Michael Richard Kidd AM (born 11 November 1959) is an Australian medical practitioner, academic and author. He is a past president of the Royal Australian College of General Practitioners (RACGP) and a past president of the World Organization of Family Doctors (WONCA).

Background 
Michael Kidd was educated at Belle Vue Primary School, and later Trinity Grammar School, Melbourne.  In 1983, he obtained MBBS (Hons) at the University of Melbourne, a postgraduate diploma in Community Child Health at Flinders University in 1989, a research Doctorate of Medicine in medical education at Monash University in 1995, and he was awarded Fellowship of the Royal Australian College of General Practitioners in 1989.

Professional career
Kidd was President of the Royal Australian College of General Practitioners from 2002-06. He was Head of the Department of General Practice at The University of Sydney between 1998 and 2008. In 2009, he was appointed as an Honorary Professor with the School of Medicine at The University of Sydney.

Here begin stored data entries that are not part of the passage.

(* Let $A \in \mathbb{C}^{m \times p}$, $y \in \mathbb{C}^{m}$, patch-extraction operators $P_1,\dots,P_N \in \{0,1\}^{n \times p}$, an integer $K\ge1$, and $\nu,\eta,C>0$. Define $$h(W,B,\Gamma,x) = \nu\|Ax-y\|_2^2 + \chi(x) + \sum_{k=1}^K \varphi(W_k) + \sum_{j=1}^N\left\{\|W_{\Gamma_j}P_jx - b_j\|_2^2 + \eta^2\|b_j\|_0\right\},$$ with $W\in\mathbb{C}^{Kn\times n}$ the stack of $W_1,\dots,W_K\in\mathbb{C}^{n\times n}$, $B=[b_1|\cdots|b_N]$, $\Gamma\in\{1,\dots,K\}^{1\times N}$, $\varphi(W_k)=0$ if $W_k^HW_k=I$ and $+\infty$ otherwise, $\chi(x)=0$ if $\|x\|_2\le C$ and $+\infty$ otherwise. For each initialization $(W^0,B^0,\Gamma^0,x^0)$, the iterate sequence of Algorithm A2 (described in the context) converges to an equivalence class (all members achieving the same objective value) of accumulation points $(W,B,\Gamma,x)$ that are partial minimizers satisfying: $x\in\arg\min_{\tilde x}h(W,B,\Gamma,\tilde x)$, $W\in\arg\min_{\tilde W}h(\tilde W,B,\Gamma,x)$, $(B,\Gamma)\in\arg\min_{\tilde B,\tilde\Gamma}h(W,\tilde B,\tilde\Gamma,x)$, and $h(W,B+\Delta B,\Gamma,x+\Delta x)\ge h(W,B,\Gamma,x)$ for all $\Delta x\in\mathbb{C}^p$ and all $\Delta B$ with $\|\Delta B\|_\infty<\eta/2$.
   Context: $\|b\|_0$ counts nonzeros; $\|H\|_\infty=\max_{i,j}|H_{ij}|$. $H_\eta$ is entrywise hard thresholding: $(H_\eta(\alpha))_i=0$ if $|\alpha_i|<\eta$, $=\alpha_i$ if $|\alpha_i|\ge\eta$. Algorithm A2: for $t=1,2,\dots$, with exact computations: (1) for each $k$, with $Q_k,R_k$ the matrices with columns $P_jx^{t-1}$, $b_j^{t-1}$ for $j$ with $\Gamma_j^{t-1}=k$, and full SVD $Q_kR_k^H=U\Sigma V^H$, set $W_k^t=VU^H$; (2) for each $j$, with $\gamma_k=\|W_k^tP_jx^{t-1}-H_\eta(W_k^tP_jx^{t-1})\|_2^2+\eta^2\|H_\eta(W_k^tP_jx^{t-1})\|_0$, set $\Gamma_j^t$ the smallest minimizing $k$ and $b_j^t=H_\eta(W^t_{\Gamma_j^t}P_jx^{t-1})$; (3) $x^t$ is a global minimizer of $\nu\|Ax-y\|_2^2+\sum_j\|W^t_{\Gamma^t_j}P_jx-b_j^t\|_2^2$ subject to $\|x\|_2\le C$. *)

theory Defs
  imports "HOL-Analysis.Analysis"
begin

definition cadj :: "complex^'a^'b \<Rightarrow> complex^'b^'a" where
  "cadj M = (\<chi> i j. cnj (M $ j $ i))"

definition unitary_mat :: "complex^'n^'n \<Rightarrow> bool" where
  "unitary_mat W \<longleftrightarrow> cadj W ** W = mat 1"

definition outer :: "complex^'a \<Rightarrow> complex^'b \<Rightarrow> complex^'b^'a" where
  "outer u v = (\<chi> i j. u $ i * cnj (v $ j))"

definition is_full_svd :: "complex^'n^'n \<Rightarrow> complex^'n^'n \<Rightarrow> complex^'n^'n \<Rightarrow> complex^'n^'n \<Rightarrow> bool" where
  "is_full_svd M U S V \<longleftrightarrow> unitary_mat U \<and> unitary_mat V
     \<and> (\<forall>i j. i \<noteq> j \<longrightarrow> S $ i $ j = 0)
     \<and> (\<forall>i. S $ i $ i \<in> \<real> \<and> 0 \<le> Re (S $ i $ i))
     \<and> M = U ** S ** cadj V"

definition l0 :: "complex^'n \<Rightarrow> nat" where
  "l0 b = card {i. b $ i \<noteq> 0}"

definition hard_thr :: "real \<Rightarrow> complex^'n \<Rightarrow> complex^'n" where
  "hard_thr \<eta> a = (\<chi> i. if norm (a $ i) < \<eta> then 0 else a $ i)"

text \<open>Transforms indexed by a finite linear order type 'k (playing {1..K}),
  patches by a finite type 'j (playing {1..N}).\<close>
definition hobj ::
  "complex^'p^'m \<Rightarrow> complex^'m \<Rightarrow> ('j::finite \<Rightarrow> complex^'p^'n) \<Rightarrow> real \<Rightarrow> real \<Rightarrow> real
   \<Rightarrow> ('k \<Rightarrow> complex^'n^'n) \<Rightarrow> ('j \<Rightarrow> complex^'n) \<Rightarrow> ('j \<Rightarrow> 'k) \<Rightarrow> complex^'p \<Rightarrow> ereal" where
  "hobj A y P \<nu> \<eta> C W B \<Gamma> x =
     (if (\<forall>k. unitary_mat (W k)) \<and> norm x \<le> C
      then ereal (\<nu> * (norm (A *v x - y))\<^sup>2
                 + (\<Sum>j\<in>UNIV. (norm (W (\<Gamma> j) *v (P j *v x) - B j))\<^sup>2 + \<eta>\<^sup>2 * real (l0 (B j))))
      else \<infinity>)"

definition sc_cost :: "real \<Rightarrow> complex^'n^'n \<Rightarrow> complex^'n \<Rightarrow> real" where
  "sc_cost \<eta> Wk z = (norm (Wk *v z - hard_thr \<eta> (Wk *v z)))\<^sup>2 + \<eta>\<^sup>2 * real (l0 (hard_thr \<eta> (Wk *v z)))"

text \<open>One iteration of A2, from (B', Gamma', x') = iterate t-1 to (W, B, Gamma, x) = iterate t.\<close>
definition A2_step ::
  "complex^'p^'m \<Rightarrow> complex^'m \<Rightarrow> ('j::finite \<Rightarrow> complex^'p^'n) \<Rightarrow> real \<Rightarrow> real \<Rightarrow> real
   \<Rightarrow> ('j \<Rightarrow> complex^'n) \<Rightarrow> ('j \<Rightarrow> 'k::{finite,linorder}) \<Rightarrow> complex^'p
   \<Rightarrow> ('k \<Rightarrow> complex^'n^'n) \<Rightarrow> ('j \<Rightarrow> complex^'n) \<Rightarrow> ('j \<Rightarrow> 'k) \<Rightarrow> complex^'p \<Rightarrow> bool" where
  "A2_step A y P \<nu> \<eta> C B' \<Gamma>' x' W B \<Gamma> x \<longleftrightarrow>
     \<comment> \<open>(1) transform update via full SVD of Q_k R_k^H\<close>
     (\<forall>k. \<exists>U S V. is_full_svd (\<Sum>j\<in>{j. \<Gamma>' j = k}. outer (P j *v x') (B' j)) U S V
                  \<and> W k = V ** cadj U)
     \<comment> \<open>(2) sparse coding and clustering, smallest minimizing index\<close>
     \<and> (\<forall>j. (\<forall>k. sc_cost \<eta> (W (\<Gamma> j)) (P j *v x') \<le> sc_cost \<eta> (W k) (P j *v x'))
            \<and> (\<forall>k. k < \<Gamma> j \<longrightarrow> sc_cost \<eta> (W (\<Gamma> j)) (P j *v x') < sc_cost \<eta> (W k) (P j *v x'))
            \<and> B j = hard_thr \<eta> (W (\<Gamma> j) *v (P j *v x')))
     \<comment> \<open>(3) image update: global minimizer over the ball of radius C\<close>
     \<and> norm x \<le> C
     \<and> (\<forall>z. norm z \<le> C \<longrightarrow>
           \<nu> * (norm (A *v x - y))\<^sup>2 + (\<Sum>j\<in>UNIV. (norm (W (\<Gamma> j) *v (P j *v x) - B j))\<^sup>2)
         \<le> \<nu> * (norm (A *v z - y))\<^sup>2 + (\<Sum>j\<in>UNIV. (norm (W (\<Gamma> j) *v (P j *v z) - B j))\<^sup>2))"

text \<open>Iterates indexed by t = 0,1,2,...; t = 0 is the (arbitrary) initialization.\<close>
definition A2_iterates where
  "A2_iterates A y P \<nu> \<eta> C Wt Bt \<Gamma>t xt \<longleftrightarrow>
     (\<forall>t. A2_step A y P \<nu> \<eta> C (Bt t) (\<Gamma>t t) (xt t)
                   (Wt (Suc t)) (Bt (Suc t)) (\<Gamma>t (Suc t)) (xt (Suc t)))"

section \<open>Accumulation points (Gamma carries the discrete topology)\<close>

definition is_accum_point ::
  "(nat \<Rightarrow> 'k \<Rightarrow> complex^'n^'n) \<Rightarrow> (nat \<Rightarrow> 'j \<Rightarrow> complex^'n) \<Rightarrow> (nat \<Rightarrow> 'j \<Rightarrow> 'k) \<Rightarrow> (nat \<Rightarrow> complex^'p)
   \<Rightarrow> ('k \<Rightarrow> complex^'n^'n) \<Rightarrow> ('j \<Rightarrow> complex^'n) \<Rightarrow> ('j \<Rightarrow> 'k) \<Rightarrow> complex^'p \<Rightarrow> bool" where
  "is_accum_point Wt Bt \<Gamma>t xt W B \<Gamma> x \<longleftrightarrow>
     (\<exists>r. strict_mono r
        \<and> (\<forall>k. (\<lambda>i. Wt (r i) k) \<longlonglongrightarrow> W k)
        \<and> (\<forall>j. (\<lambda>i. Bt (r i) j) \<longlonglongrightarrow> B j)
        \<and> (\<forall>\<^sub>F i in sequentially. \<Gamma>t (r i) = \<Gamma>)
        \<and> (\<lambda>i. xt (r i)) \<longlonglongrightarrow> x)"

definition iter_close :: "real \<Rightarrow> ('k \<Rightarrow> complex^'n^'n) \<Rightarrow> ('j \<Rightarrow> complex^'n) \<Rightarrow> ('j \<Rightarrow> 'k) \<Rightarrow> complex^'p
   \<Rightarrow> ('k \<Rightarrow> complex^'n^'n) \<Rightarrow> ('j \<Rightarrow> complex^'n) \<Rightarrow> ('j \<Rightarrow> 'k) \<Rightarrow> complex^'p \<Rightarrow> bool" where
  "iter_close \<epsilon> W B \<Gamma> x W' B' \<Gamma>' x' \<longleftrightarrow>
     (\<forall>k. dist (W k) (W' k) < \<epsilon>) \<and> (\<forall>j. dist (B j) (B' j) < \<epsilon>) \<and> \<Gamma> = \<Gamma>' \<and> dist x x' < \<epsilon>"

end

theory Submission
  imports Defs
begin

(* Algorithm A2 is exact block coordinate descent on h: the transform update solves an
   orthogonal Procrustes problem via the SVD, hard thresholding with the best cluster
   minimizes over (B, Gamma), and step (3) minimizes over x. Hence the objective values
   decrease to a limit h*. The iterates stay in a compact set, every accumulation point
   attains h*, and a subsequence argument shows that the iterates approach the set of
   accumulation points.
   Optimality in x passes directly to the limit. For W and for (B, Gamma) one passes to the
   neighbouring iterates: the values there also tend to h*, which forces the limit of the
   updated transforms, and the limit x' of the preceding images, to be just as good; x' and x
   agree on all patches because the x-subproblem is a convex quadratic.
   Finally, a perturbation of B with entries below eta/2 cannot annihilate a nonzero entry
   (these have modulus at least eta), while at a zero entry the limit patch value has modulus
   at most eta, so the cross term is paid for by the eta^2 saved in the l0 penalty. *)

section \<open>Unitary matrices and the Procrustes problem\<close>

lemma power2_norm_vec: "(norm v)\<^sup>2 = (\<Sum>i\<in>UNIV. (norm (v $ i))\<^sup>2)"
  by (simp add: norm_vec_def L2_set_def sum_nonneg)

lemma l0_eq_sum: "real (l0 b) = (\<Sum>i\<in>UNIV. if b $ i \<noteq> 0 then 1 else 0)"
  unfolding l0_def by (simp add: sum.If_cases)

lemma norm_vec_le_sum: "norm (v::'a::real_normed_vector^'n) \<le> (\<Sum>i\<in>UNIV. norm (v $ i))"
  by (simp add: norm_vec_def L2_set_le_sum)

definition cinner :: "complex^'n \<Rightarrow> complex^'n \<Rightarrow> complex" where
  "cinner u v = (\<Sum>i\<in>UNIV. u $ i * cnj (v $ i))"

lemma inner_eq_Re_cinner: "inner u v = Re (cinner u v)"
  by (simp add: inner_vec_def cinner_def inner_complex_def)

lemma power2_norm_eq_Re_cinner: "(norm u)\<^sup>2 = Re (cinner u u)"
  by (simp add: power2_norm_eq_inner inner_eq_Re_cinner)

lemma cadj_cadj [simp]: "cadj (cadj M) = M"
  by (simp add: cadj_def vec_eq_iff)

lemma cadj_matrix_mult: "cadj (M ** N) = cadj N ** cadj M"
  by (simp add: cadj_def vec_eq_iff matrix_matrix_mult_def mult.commute)

lemma cinner_matrix_vector_mult: "cinner (M *v u) v = cinner u (cadj M *v v)"
proof -
  have "cinner (M *v u) v = (\<Sum>i\<in>UNIV. \<Sum>k\<in>UNIV. M $ i $ k * u $ k * cnj (v $ i))"
    by (simp add: cinner_def matrix_vector_mult_def sum_distrib_right)
  also have "\<dots> = (\<Sum>k\<in>UNIV. \<Sum>i\<in>UNIV. M $ i $ k * u $ k * cnj (v $ i))"
    by (rule sum.swap)
  also have "\<dots> = cinner u (cadj M *v v)"
    by (simp add: cinner_def matrix_vector_mult_def cadj_def sum_distrib_left mult_ac)
  finally show ?thesis .
qed

lemma unitary_mat_norm_preserving: "unitary_mat W \<Longrightarrow> norm (W *v u) = norm u"
  using power2_eq_iff_nonneg[of "norm (W *v u)" "norm u"]
  by (simp add: power2_norm_eq_Re_cinner cinner_matrix_vector_mult matrix_vector_mul_assoc unitary_mat_def)

lemma unitary_mat_right_inverse: "unitary_mat W \<Longrightarrow> W ** cadj W = mat 1"
  unfolding unitary_mat_def using matrix_left_right_inverse by blast

lemma unitary_mat_mult: "unitary_mat M \<Longrightarrow> unitary_mat N \<Longrightarrow> unitary_mat (M ** N)"
  unfolding unitary_mat_def cadj_matrix_mult by (metis matrix_mul_assoc matrix_mul_lid)

lemma unitary_mat_cadj: "unitary_mat M \<Longrightarrow> unitary_mat (cadj M)"
  unfolding unitary_mat_def[of "cadj M"] by (simp add: unitary_mat_right_inverse)

lemma unitary_mat_1: "unitary_mat (mat 1)"
proof -
  have "cadj (mat 1 :: complex^'n^'n) = mat 1"
    by (auto simp: cadj_def mat_def vec_eq_iff)
  then show ?thesis by (simp add: unitary_mat_def matrix_mul_lid)
qed

lemma power2_norm_column: "(norm (column i X))\<^sup>2 = Re ((cadj X ** X) $ i $ i)"
  by (simp add: power2_norm_eq_Re_cinner cinner_def column_def cadj_def matrix_matrix_mult_def mult.commute)

lemma unitary_mat_column_norm: "unitary_mat X \<Longrightarrow> norm (column i X) = 1"
  using power2_norm_column[of i X] norm_ge_zero[of "column i X"]
  by (simp add: unitary_mat_def mat_def power2_eq_1_iff)

lemma unitary_mat_norm: "unitary_mat X \<Longrightarrow> norm X = sqrt (real CARD('n))"
  for X :: "complex^'n^'n"
proof -
  assume u: "unitary_mat X"
  have "(norm (X $ i))\<^sup>2 = Re ((X ** cadj X) $ i $ i)" for i
    by (simp add: power2_norm_eq_Re_cinner cinner_def cadj_def matrix_matrix_mult_def)
  then have "(norm X)\<^sup>2 = real CARD('n)"
    using unitary_mat_right_inverse[OF u] by (simp add: power2_norm_vec mat_def)
  then show ?thesis by (simp add: real_sqrt_unique)
qed

lemma trace_matrix_mult_sum:
  "finite S \<Longrightarrow> trace (W ** sum f S) = (\<Sum>j\<in>S. trace (W ** f j))"
  for W :: "'a::comm_semiring_1^'m^'n"
proof (induction S rule: finite_induct)
  case empty
  then show ?case by (simp add: trace_def matrix_matrix_mult_def)
next
  case (insert j S)
  then show ?case by (simp add: matrix_add_ldistrib Determinants.trace_add)
qed

lemma cinner_eq_trace_outer: "cinner (W *v u) b = trace (W ** outer u b)"
  by (simp add: cinner_def trace_def matrix_matrix_mult_def matrix_vector_mult_def
      outer_def sum_distrib_right sum_distrib_left mult_ac)

lemma trace_mult_diagonal:
  assumes "\<forall>i j. i \<noteq> j \<longrightarrow> S $ i $ j = 0"
  shows "trace (G ** S) = (\<Sum>i\<in>UNIV. G $ i $ i * S $ i $ i)"
proof -
  have "(\<Sum>k\<in>UNIV. G $ i $ k * S $ k $ i) = G $ i $ i * S $ i $ i" for i
    using assms by (subst sum.remove[of _ i]) auto
  then show ?thesis by (simp add: trace_def matrix_matrix_mult_def)
qed

lemma trace_mult_svd: "trace (X ** (U ** S ** cadj V)) = trace ((cadj V ** (X ** U)) ** S)"
  by (metis matrix_mul_assoc trace_mul_sym)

From 2009-16, he served as the Executive Dean of the Faculty of Medicine, Nursing and Health Sciences at Flinders University with responsibility for the School of Medicine, the School of Nursing and Midwifery, and the School of Health Sciences. 

In 2017, he was appointed as Professor of Global Primary Care with the Southgate Institute for Health, Equity and Society at Flinders University, and as Professor and Chair of the Department of Family and Community Medicine at the University of Toronto. In 2018, he was appointed as Director of the World Health Organization Collaborating Centre on Family Medicine and Primary Care. In 2020, he was appointed as Principal Medical Advisor and Deputy Chief Medical Officer with the Department of Health,  Australia. 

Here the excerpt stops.